Saturday, December 3, 2022

Trying to Fathom the Amazingness of Life

 We all start the same in our mother's womb. Then if we are lucky enough, we are born here somewhere on earth. Then if we are really lucky then our mothers (and hopefully our fathers take care of us well enough so that we can grow up and do something good with our lives for ourselves and others.

Often, I think about how amazing it is that any of us at all live to be 70 or more with our senses intact (both physical, spiritual and mental and emotional).

The traumas we all face in life take their toll along the way. I remember how young people tended to die in the 1950s. Now often when I see someone my age (mid 70s) they remind me of how people often were in their 40s in the 1950s.

Why is this true?

I think people had to grow up much faster to survive at all in the 1950s. For example, World War II was horrific for pretty much everyone on earth and this likely cut off years of most people's lives just having to deal with all that at all. And before that it is debatable but i might say the "Great Depression" in it's own way was worse than World War II in that you were watching people basically starve to death all over the U.S. without jobs living in tents alongside of rivers during the winter unless you had either a business or a job both of which were hard to come by in the 1930s if you hadn't already established yourself in the 1920s when things were better.

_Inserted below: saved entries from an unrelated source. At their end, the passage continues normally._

theorem lemma4p2:
  fixes b :: real and k :: nat and z :: "real multiset"
  assumes "b > 0" and "size z = k"
  shows "\<exists>!zs :: real multiset list.
           sum_list zs = z
         \<and> (\<forall>zi \<in> set zs. zi \<noteq> {#} \<and> well_contained b zi)
         \<and> (\<forall>i j. i < j \<and> j < length zs \<longrightarrow>
                 Bz b (zs ! i) \<inter> Bz b (zs ! j) = {} \<and> interval_less (Bz b (zs ! i)) (Bz b (zs ! j)))"
proof -
  have b: "0 \<le> b"
    using assms(1) by simp
  obtain ws where ws: "block_decomposition b ws" "concat ws = sorted_list_of_multiset z"
    using exists_block_decomposition[OF b] by fastforce
  then have ws_sorted: "map sorted_list_of_multiset (map mset ws) = ws"
    using sorted_concat_imp_sorted[of ws] by (auto simp: sorted_sort_id intro!: map_idI)
  show ?thesis
    unfolding decomposition_iff_block_decomposition[OF b]
  proof (rule ex1I)
    show "block_decomposition b (map sorted_list_of_multiset (map mset ws))
        \<and> concat (map sorted_list_of_multiset (map mset ws)) = sorted_list_of_multiset z"
      using ws ws_sorted by simp
  next
    fix zs
    assume "block_decomposition b (map sorted_list_of_multiset zs)
        \<and> concat (map sorted_list_of_multiset zs) = sorted_list_of_multiset z"
    then have "map sorted_list_of_multiset zs = ws"
      using block_decomposition_unique ws by metis
    then show "zs = map mset ws"
      by (auto simp: comp_def)
  qed
qed

end
(* Consider $n=\sum_{i=1}^L n_i$ component lifetimes $T_j^{(i)}$, $j=1,\dots,n_i$, $i=1,\dots,L$ ($L\ge1$), where components of type $i$ have common reliability function $\bar F_i$, the lifetimes within each type are exchangeable, and the joint reliability function is given by a survival copula $\hat C$: $$P(T_j^{(i)}>t_j^{(i)},\ j=1,\dots,n_i,\ i=1,\dots,L)=\hat C\big(\bar F_1(t_1^{(1)}),\dots,\bar F_1(t_{n_1}^{(1)}),\dots,\bar F_L(t_1^{(L)}),\dots,\bar F_L(t_{n_L}^{(L)})\big).$$ Fix $i\in\{1,\dots,L\}$, integers $0\le m_k\le n_k$ for $k\ne i$ and $0\le m_i\le n_i-1$, $t\ge 0$ and $\delta>0$, and define $$A_{\mathbf{m}}^{(i)}(t,\delta)=P\Big(T_1^{(k)}>t,\dots,T_{m_k}^{(k)}>t,\ T_{m_k+1}^{(k)}\le t,\dots,T_{n_k}^{(k)}\le t \text{ for all } k\neq i;\ t<T_1^{(i)}\le t+\delta,\ T_2^{(i)}>t,\dots,T_{m_i+1}^{(i)}>t,\ T_{m_i+2}^{(i)}\le t,\dots,T_{n_i}^{(i)}\le t\Big).$$ Then $$A_{\mathbf{m}}^{(i)}(t, \delta)=\sum_{j_1=0}^{n_1-m_1}\cdots\sum_{j_i=0}^{n_i-m_i-1}\cdots\sum_{j_L=0}^{n_L-m_L}(-1)^{j_1+\cdots + j_L}\binom{n_1-m_1}{j_1}\cdots \binom{n_i-m_i-1}{j_i}\cdots\binom{n_L-m_L}{j_L}\Big[\hat{C}(\underbrace{\bar{F}_1(t)}_{m_1+j_1},\underbrace{1}_{n_1-(m_1+j_1)},\dots,\underbrace{\bar{F}_i(t)}_{m_i+j_i+1},\underbrace{1}_{n_i-(m_i+j_i+1)},\dots,\underbrace{\bar{F}_L(t)}_{m_L+j_L}, \underbrace{1}_{n_L-(m_L+j_L)})-\hat{C}(\underbrace{\bar{F}_1(t)}_{m_1+j_1},\underbrace{1}_{n_1-(m_1+j_1)},\dots,\underbrace{\bar{F}_i(t)}_{m_i+j_i},\bar{F}_i(t+\delta),\underbrace{1}_{n_i-(m_i+j_i+1)}, \dots,\underbrace{\bar{F}_L(t)}_{m_L+j_L},\underbrace{1}_{n_L-(m_L+j_L)})\Big].$$
   Context: In the arguments of $\hat C$, the notation $\underbrace{u}_{m}$ denotes $m$ consecutive repetitions of the value $u$; the arguments are listed block by block, the $k$th block consisting of the $n_k$ arguments associated with the components of type $k$ (by within-type exchangeability, the order of arguments inside a block is immaterial). *)

theory Defs
  imports "HOL-Probability.Probability" "HOL-Combinatorics.Permutations"
begin

definition comp_index :: "nat \<Rightarrow> (nat \<Rightarrow> nat) \<Rightarrow> (nat \<times> nat) set" where
  "comp_index L n = (SIGMA k:{1..L}. {1..n k})"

So, I'm amazed by really basic things like I was in the dentists office the other day because about 1/3 of one of my back molars had broken off unexpectedly and I mentioned to someone in the office that I was really surprised to still have most of my teeth simply because most people I knew in the 1950s had only half or less of their teeth in their mouths and many had full plates of false teeth then and if they didn't have full plates of teeth then they had bridges between existing teeth where teeth had had to be pulled.

Why?

Because Root canals were not as common then as now for people (at least here in the U.S.).

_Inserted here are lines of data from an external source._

text \<open>An element of maximal order times an element of prime order \<open>r\<close> not dividing that
  maximal order would have larger order.\<close>

lemma cyclic_if_commutative_squarefree:
  assumes fin: "finite (carrier G)" and sqf: "squarefree (order G)"
    and comm: "\<And>a b. a \<in> carrier G \<Longrightarrow> b \<in> carrier G \<Longrightarrow> a \<otimes> b = b \<otimes> a"
  shows "cyclic_group G"
proof (rule ccontr)
  assume not_cyclic: "\<not> cyclic_group G"
  define m where "m = Max (ord ` carrier G)"
  have fin_ord: "finite (ord ` carrier G)" using fin by simp
  have "m \<in> ord ` carrier G" unfolding m_def using fin_ord one_closed by (intro Max_in) auto
  then obtain x where x: "x \<in> carrier G" "ord x = m" by blast
  obtain k where k: "order G = m * k" using ord_dvd_group_order[OF x(1)] x(2) by (auto elim: dvdE)
  have "m \<noteq> order G" using x not_cyclic cyclic_group_iff_ord_eq_order[OF fin] by blast
  then have "k \<noteq> 1" using k by auto
  then obtain r :: nat where r: "Factorial_Ring.prime r" "r dvd k" using prime_factor_nat by blast
  then have "r dvd card (carrier G)" using k by (simp add: order_def)
  then obtain R where R: "subgroup R G" "card R = r"
    using exists_subgroup_prime_card[OF fin subgroup_self r(1)] by blast
  have "R \<noteq> {\<one>}"
  proof
    assume "R = {\<one>}"
    then have "r = 1" using R(2) by simp
    then show False using r(1) by simp
  qed
  then obtain y where y: "y \<in> R" "y \<noteq> \<one>" using subgroup.one_closed[OF R(1)] by blast
  have y_carrier: "y \<in> carrier G" using subgroup.mem_carrier[OF R(1) y(1)] .
  have ord_y: "ord y = r" using ord_eq_prime_card_subgroup[OF R(1) _ y] R(2) r(1) by simp
  have "\<not> r dvd m"
  proof
    assume "r dvd m"
    then have "r * r dvd order G" using r(2) k by (simp add: mult_dvd_mono)
    then show False using prime_square_not_dvd_squarefree[OF sqf r(1)] by simp
  qed
  then have "coprime (ord x) (ord y)"
    using prime_imp_coprime[OF r(1)] x(2) ord_y by (simp add: coprime_commute)
  then have "ord (x \<otimes> y) = m * r"
    using ord_mult_coprime[OF x(1) y_carrier comm[OF x(1) y_carrier]] x(2) ord_y by simp
  moreover have "ord (x \<otimes> y) \<le> m" unfolding m_def
    using fin_ord x(1) y_carrier by (intro Max_ge) auto
  moreover have "0 < m" using ord_ge_1[OF fin x(1)] x(2) by simp
  ultimately show False using prime_ge_2_nat[OF r(1)] by simp
qed

section \<open>Subgroups of order \<open>p\<^sup>2\<close>\<close>

lemma sum_ord_cyclic_prime_square:
  assumes fin: "finite (carrier G)" and P: "subgroup P G" "card P = p ^ 2"
    and p: "Factorial_Ring.prime p" and x: "x \<in> P" "ord x = p ^ 2"
  shows "(\<Sum>y\<in>P. ord y) = 1 + (p - 1) * p + (p * p - p) * (p * p)"
proof -
  interpret P: group "G\<lparr>carrier := P\<rparr>" using subgroup_imp_group[OF P(1)] .
  have pp: "p * p = p ^ 2" by (simp add: power2_eq_square)
  have finP: "finite P" using finite_subgroup[OF fin P(1)] .
  have ord_P: "ord y = 1 \<or> ord y = p \<or> ord y = p ^ 2" if "y \<in> P" for y
    using dvd_prime_square_cases[OF p] ord_dvd_card_subgroup[OF P(1) that] P(2) by simp
  define T where "T = {y \<in> P. y [^] p = \<one>}"
  have "card {y \<in> carrier (G\<lparr>carrier := P\<rparr>). y [^]\<^bsub>G\<lparr>carrier := P\<rparr>\<^esub> p = \<one>} = p"
    using P.card_pow_eq_one_cyclic[of x p] finP x P(2)
    by (simp add: order_def ord_subgroup[OF P(1)])
  then have T_card: "card T = p" by (simp add: T_def nat_pow_consistent[symmetric])
  have TP: "T \<subseteq> P" unfolding T_def by blast
  have ord_T: "ord y = p" if "y \<in> T - {\<one>}" for y
  proof -
    have y: "y \<in> carrier G" using that TP subgroup.mem_carrier[OF P(1)] by blast
    have "ord y dvd p" using that pow_eq_id[OF y] by (simp add: T_def)
    moreover have "ord y \<noteq> 1" using that ord_eq_1[OF y] by simp
    ultimately show ?thesis using p unfolding prime_nat_iff by blast
  qed
  have ord_P_T: "ord y = p * p" if "y \<in> P - T" for y
  proof -
    have y: "y \<in> carrier G" using that subgroup.mem_carrier[OF P(1)] by blast
    have "\<not> ord y dvd p" using that pow_eq_id[OF y] by (simp add: T_def)
    then show ?thesis using ord_P[of y] that pp by auto
  qed
  have "(\<Sum>y\<in>T. ord y) = 1 + (p - 1) * p"
    using sum_ord_eq_const[OF finite_subset[OF TP finP] _ ord_T] subgroup.one_closed[OF P(1)] T_card
    by (simp add: T_def)
  moreover have "(\<Sum>y\<in>P - T. ord y) = (p * p - p) * (p * p)"
    using ord_P_T card_Diff_subset[OF finite_subset[OF TP finP] TP] P(2) T_card pp by simp
  moreover have "(\<Sum>y\<in>P. ord y) = (\<Sum>y\<in>T. ord y) + (\<Sum>y\<in>P - T. ord y)"
    using sum.subset_diff[OF TP finP] by (simp add: add.commute)
  ultimately show ?thesis by simp
qed
theorem proposition7:
  fixes m d :: nat and th1 Dl lam g g' r :: real and s s' :: nat
    and p q :: "nat \<Rightarrow> nat \<Rightarrow> real"
  assumes "m \<ge> 1" and "d \<ge> 1" and "Dl > 0"
    and "lam \<ge> Dl powr (-1/2)"
    and "s \<in> {1..m}" and "s' \<in> {1..m}" and "r \<in> {0..1}"
    and "p \<in> fam_simplex m d" and "g \<in> {0..1}"
    and "q \<in> fam_simplex m d" and "g' \<in> {0..1}"
  shows "d_lam lam Dl d m (Hop th1 Dl d g p (s, r, s'), r) (Hop th1 Dl d g' q (s, r, s'), r)
           \<le> d_lam lam Dl d m (p, g) (q, g')"
proof -
  have "Dl powr (-1/2) = 1 / sqrt Dl"
    using assms(3) by (simp add: powr_minus_divide powr_half_sqrt)
  then have "\<bar>g - g'\<bar> / sqrt Dl \<le> lam * \<bar>g - g'\<bar>"
    using assms(4) mult_right_mono[of "1 / sqrt Dl" lam "\<bar>g - g'\<bar>"] by simp
  then have "cramer_inf Dl d m (Hop th1 Dl d g p (s, r, s')) (Hop th1 Dl d g' q (s, r, s'))
      \<le> cramer_inf Dl d m p q + lam * \<bar>g - g'\<bar>"
    using cramer_Hop_le[OF assms(3) _ assms(6,8,10)]
    by (intro cramer_inf_leI[OF assms(1)]) (meson add_left_mono order.trans)
  then show ?thesis
    unfolding d_lam_def by simp
qed

end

So, this is just one of the amazing things about surviving from the 1950s to now with medical care so amazing in so many ways now beyond anything we could have or would have believed in the 1950s.

I got used to watching friends of all ages from babies to 20 something adults die a lot growing up. This was very hard on everyone. But, as people now generally live longer and longer it is really surprising how long people can live now and be relatively okay.